In Figure 4b, the complexity depends on the disequilibrium. The structure of both complexity curves for $\chi =0.01$ and $\chi =0.25$ is similar to that in Figure 4a; however, the maximum complexity for $\chi =0.25$ appears near $D=0.75$, while for $\chi =0.01$ it appears near $D=0.8$. For the complexity there are several important values of D: the two values inherent to its definition, $D=0$ and $D=1$, which correspond to random and ordered phases, or physically to ideal-gas and crystalline phases, respectively. However, the position of the maximum complexity can be basis-dependent. In our case, we will emphasise in the conclusions the differences between the complexity limits of the chaotic phase for $\chi =0.01$ and $\chi =0.25$.

5. Conclusions

We studied the entropy and complexity of the ⁴⁸Ca nucleus for the set of states with $J=3$ and positive parity, in the ANTOINE M scheme, and compared Shannon entropy and complexity for quadrupole two-body interactions with two different strengths, $\xi =0.01$ and $\xi =0.21$. For the weak interaction, the energies and eigenvectors show clusters or groups of states, while increasing the interaction by a factor of twenty mixes most configurations and smooths the spectrum towards a binomial-like distribution. This increase in interaction produces a transition from $1/f^2$ noise to chaotic $1/f$ noise. Comparing the entropy for the two interactions, we see that the stronger interaction gives a more uniform and higher entropy, confirming that the system with $1/f^2$ noise is more organised than the system with $1/f$ noise. Since complexity depends directly on entropy, the qualitative behaviour is similar: increasing the quadrupole interaction, which largely controls the nuclear shape, enhances configuration mixing and leads to greater complexity. Interestingly, we can also observe local complexity maxima associated with the weakly interacting clusters or groups of states in the spectrum, suggesting that, like entropy, complexity can be discussed in terms of contributions from such groups.
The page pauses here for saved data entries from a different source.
(* Let $a,\epsilon,\kappa\in\mathbb{R}$ and let $p:\mathbb{R}\to\mathbb{R}$ be a $2\pi$-periodic function with zero mean. Consider the damped Hill equation $$\ddot{\theta} + 2\kappa\dot{\theta} + \big(a+\epsilon p(t)\big)\theta = 0,$$ and let $\Theta(t,0)$ denote its $2\times 2$ state transition matrix in the state $(\theta,\dot\theta)^{\mathrm T}$. Define the related undamped Hill equation $$\ddot{z} + \big(a-\kappa^2+\epsilon p(t)\big) z = 0,$$ with $2\times 2$ state transition matrix $\Phi(t,0;a,\epsilon)$ in the state $(z,\dot z)^{\mathrm T}$. If $$\big|\operatorname{tr}\,\Phi(2\pi,0;a,\epsilon)\big| > 2\cosh(2\pi\kappa),$$ then the damped Hill equation is unstable, i.e. its monodromy matrix $\Theta(2\pi,0)$ has an eigenvalue of modulus strictly greater than $1$.
   Context: For a linear system $\dot x = A(t)x$ with $2\pi$-periodic $A$, the state transition matrix $\Theta(t,0)$ is the matrix solution of $\dot\Theta = A(t)\Theta$, $\Theta(0,0)=I$, so that $x(t)=\Theta(t,0)x(0)$; the monodromy matrix is $\Theta(2\pi,0)$. The system is called unstable when the monodromy matrix has an eigenvalue outside the closed unit disk. Here $\kappa$ is the viscous damping coefficient, $a$ the mean spring constant, and $\epsilon$ the parametric forcing amplitude. *)

theory Defs
  imports "HOL-Analysis.Analysis"
begin

text \<open>Companion (state-space) matrix of x'' + c x' + q(t) x = 0 in the state (x, x').\<close>
definition companion2 :: "real \<Rightarrow> real \<Rightarrow> real^2^2" where
  "companion2 c q = vector [vector [0, 1], vector [- q, - c]]"

definition is_state_transition :: "(real \<Rightarrow> real^2^2) \<Rightarrow> (real \<Rightarrow> real^2^2) \<Rightarrow> bool" where
  "is_state_transition A Phi \<longleftrightarrow>
     Phi 0 = mat 1 \<and> (\<forall>t. (Phi has_vector_derivative (A t ** Phi t)) (at t))"

definition is_eigenvalue :: "real^'n^'n \<Rightarrow> complex \<Rightarrow> bool" where
  "is_eigenvalue M l \<longleftrightarrow>
     (\<exists>v :: complex^'n. v \<noteq> 0 \<and>
        (\<chi> i. \<Sum>j\<in>UNIV. complex_of_real (M $ i $ j) * v $ j) = l *s v)"

end
(* Let $m,n\in\mathbb{N}$, $g\in\mathcal{H}(\mathbb{D})$, and let $L_g$ be a $g$-operator satisfying \[L_g=L_0+\sum_{j=1}^mL_j\quad\text{on }\mathcal{H}_0(\mathbb{D}),\] where $L_0\in W_g(m,n)$ and $L_j\in\operatorname{span}W_g(m-j,n+j)$ for $j=1,\dots,m$. For $j=0,\dots,m$ let $q_j=\big[\frac{m-j}{n+j}\big]$ and $d_j=m-j-(n+j)q_j$ (quotient and remainder of the division of $m-j$ by $n+j$), and define \[\mathcal{L}_{m,n,j}:=\big(S_g^{q_j+1}T_g\big)^{d_j}\big(S_g^{q_j}T_g\big)^{n+j-d_j}.\] Then $L_g=\mathcal{L}_{m,n,0}+\sum_{j=1}^ma_j\mathcal{L}_{m,n,j}$ on $\mathcal{H}_0(\mathbb{D})$, for some $a_1,\dots,a_m\in\mathbb{C}$. In particular, when $n$ divides $m$, we have $q_0\in\mathbb{N}$, $q_j<q_0$ for $j=1,\dots,m$, and \[L_g=(S_g^{q_0}T_g)^n+\sum_{\substack{1\le j\le m\\ q_j=q_0-1}}c_j\mathcal{L}_{m,n,j}+\sum_{\substack{1\le j\le m\\ q_j<q_0-1}}c_j\mathcal{L}_{m,n,j}\quad\text{on }\mathcal{H}_0(\mathbb{D})\] for some $c_j\in\mathbb{C}$. Moreover, if $n$ divides $m$ and $q_j=q_0-1$ for some $j\in\{1,\dots,m\}$, then $0\le d_j=n-jq_0<n$.
   Context: $\mathbb{D}$ is the open unit disc, $\mathcal{H}(\mathbb{D})$ the analytic functions on $\mathbb{D}$, $\mathcal{H}_0(\mathbb{D})=\{f\in\mathcal{H}(\mathbb{D}):f(0)=0\}$. For $g\in\mathcal{H}(\mathbb{D})$: $M_gf=fg$, $S_gf(z)=\int_0^zf'(\zeta)g(\zeta)d\zeta$, $T_gf(z)=\int_0^zf(\zeta)g'(\zeta)d\zeta$; powers denote compositions, with zeroth power the identity. A $g$-operator is a finite linear combination (constant coefficients) of finite compositions of $M_g,S_g,T_g$. For $a,b\in\mathbb{N}_0=\mathbb{N}\cup\{0\}$, $W_g(a,b)$ is the set of compositions $L_1\cdots L_{a+b}$ with each $L_j\in\{S_g,T_g\}$, exactly $a$ equal to $S_g$ and $b$ equal to $T_g$; $\operatorname{span}$ is the complex linear span. "$=$ on $\mathcal{H}_0(\mathbb{D})$" means equality of restrictions to $\mathcal{H}_0(\mathbb{D})$. *)

theory Defs
  imports "HOL-Complex_Analysis.Complex_Analysis"
begin

type_synonym cfun = "complex \<Rightarrow> complex"
type_synonym cop = "cfun \<Rightarrow> cfun"

definition Mop :: "cfun \<Rightarrow> cop" where
  "Mop g f = (\<lambda>z. f z * g z)"
definition Sop :: "cfun \<Rightarrow> cop" where
  "Sop g f = (\<lambda>z. contour_integral (linepath 0 z) (\<lambda>\<zeta>. deriv f \<zeta> * g \<zeta>))"
definition Top :: "cfun \<Rightarrow> cop" where
  "Top g f = (\<lambda>z. contour_integral (linepath 0 z) (\<lambda>\<zeta>. f \<zeta> * deriv g \<zeta>))"
(* Let $F(\bar f,g)=0$ be any curve of bidegree $(3,2)$ in $(\bar f,g)\in\mathbb{P}^1\times\mathbb{P}^1$ passing through the 10 points $(\bar f(u),g(u))$, $u=u_1,\dots,u_8,\ z/q,\ h_1/(qz)$. Substitute $g=g(\bar f,\bar g)$, the inverse of the birational map defined by relation (B). Then the resulting curve in $(\bar f,\bar g)$ (i.e. the numerator of $F(\bar f,g(\bar f,\bar g))$ with the factor $\prod_{i=1}^8\{\bar f-\bar f(u_i)\}$ removed) is again of bidegree $(3,2)$ and passes through the 10 points $(\bar f,\bar g)=(\bar f(u),\bar g(u))$ with $u=u_1,\dots,u_8,\ z,\ h_1/z$.
   Context: Let $h_1,h_2,u_1,\dots,u_8$ be generic nonzero complex parameters, $z$ generic, and $q=h_1^2h_2^2/(u_1\cdots u_8)$. Put $g(u)=u+h_2/u$, $\bar f(u)=u+\frac{h_1}{qu}$, $\bar g(u)=u+\frac{h_2q}{u}$. Let $U(z)=\prod_{i=1}^8(z-u_i)=\sum_{i=0}^8(-1)^i m_{8-i}z^i$ (so $m_0=1$, $m_8=h_1^2h_2^2/q$). For a parameter $h$ define polynomials in a variable $x$: $P_n(h,x)=m_0x^4-m_1x^3+(m_2-3hm_0-h^{-3}m_8)x^2+(2hm_1-m_3+h^{-2}m_7)x+(h^2m_0-hm_2+m_4-h^{-1}m_6+h^{-2}m_8)$, $P_d(h,x)=m_8x^4-hm_7x^3+(h^2m_6-3hm_8-h^5m_0)x^2+(2h^2m_7-h^3m_5+h^5m_1)x+(h^6m_0-h^5m_2+h^4m_4-h^3m_6+h^2m_8)$. Relation (B), which is linear in each of $g$ and $\bar g$ and defines a birational correspondence $g\leftrightarrow\bar g$ depending on $\bar f$: $$\frac{(\bar f-\bar g)(\bar f-g)-(\frac{h_1}{q}-h_2q)(\frac{h_1}{q}-h_2)\frac q{h_1}}{(\frac{\bar fq}{h_1}-\frac{\bar g}{h_2q})(\frac{\bar fq}{h_1}-\frac g{h_2})-(\frac q{h_1}-\frac1{h_2q})(\frac q{h_1}-\frac1{h_2})\frac{h_1}q}=\frac{h_1^4h_2^2}{q^3}\frac{P_n(\frac{h_1}q,\bar f)}{P_d(\frac{h_1}q,\bar f)}.$$ *)

theory Defs
  imports Complex_Main "HOL-Computational_Algebra.Polynomial"
begin
(* Let $X_1,\dots,X_n$ be independent random variables with $X_i\sim\mathsf{Gam}(\alpha_i,\beta_i)$ (shape $\alpha_i>0$, rate $\beta_i>0$), let $S_n=\sum_{i=1}^nX_i$, $\mu_n=\mathbb E[S_n]$, $\sigma_n^2=\mathrm{Var}[S_n]$, and let $Z\sim\mathsf N(\mu_n,\sigma_n^2)$ and $G\sim\mathsf{Gam}(\alpha,\beta)$ with $\alpha/\beta=\mu_n$ and $\alpha/\beta^2=\sigma_n^2$. Then $\mathbb E[Z^j]=\mathbb E[G^j]=\mathbb E[S_n^j]$ for $j=1,2$, and for every integer $j\ge3$, \[ \mathbb E[Z^j]<\mathbb E[G^j]\le\mathbb E[S_n^j]. \]
   Context: $\mathsf{Gam}(a,b)$ denotes the gamma distribution with shape $a$ and rate $b$ (density $b^a x^{a-1}e^{-bx}/\Gamma(a)$). *)

theory Defs
  imports "HOL-Probability.Probability"
begin

definition gamma_density :: "real \<Rightarrow> real \<Rightarrow> real \<Rightarrow> real" where
  "gamma_density a b x =
     (if x > 0 then b powr a * x powr (a - 1) * exp (- b * x) / Gamma a else 0)"

end

theory Submission
  imports Defs "HOL-Computational_Algebra.Formal_Power_Series"
begin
It is also important to note that the dependence of complexity on disequilibrium explains the slight separation between the global complexity maxima for the two interactions. The complexity maximum for $\chi =0.01$ is closer to the ordered limit $D=1$, while for $\chi =0.25$ it occurs at a smaller D, before approaching $D=0.9$.

For systems such as the atomic nucleus, we know that a maximum of complexity is not found at the extreme limits, but at an intermediate point. The position of this maximum may be close to $D=3/4$, as suggested by Figure 4b. What we can firmly state from our results is that complexity is sensitive to the structure of the interactions. Since the energies are basis-independent, the presence of level groups with chaotic structure [Figure 1b] is reflected in local complexity maxima. This implies that, for a larger quadrupole interaction that mixes configurations between different groups of states, a single global complexity maximum emerges. Therefore, the $1/f$ noise associated with quantum chaos corresponds to a single complexity maximum.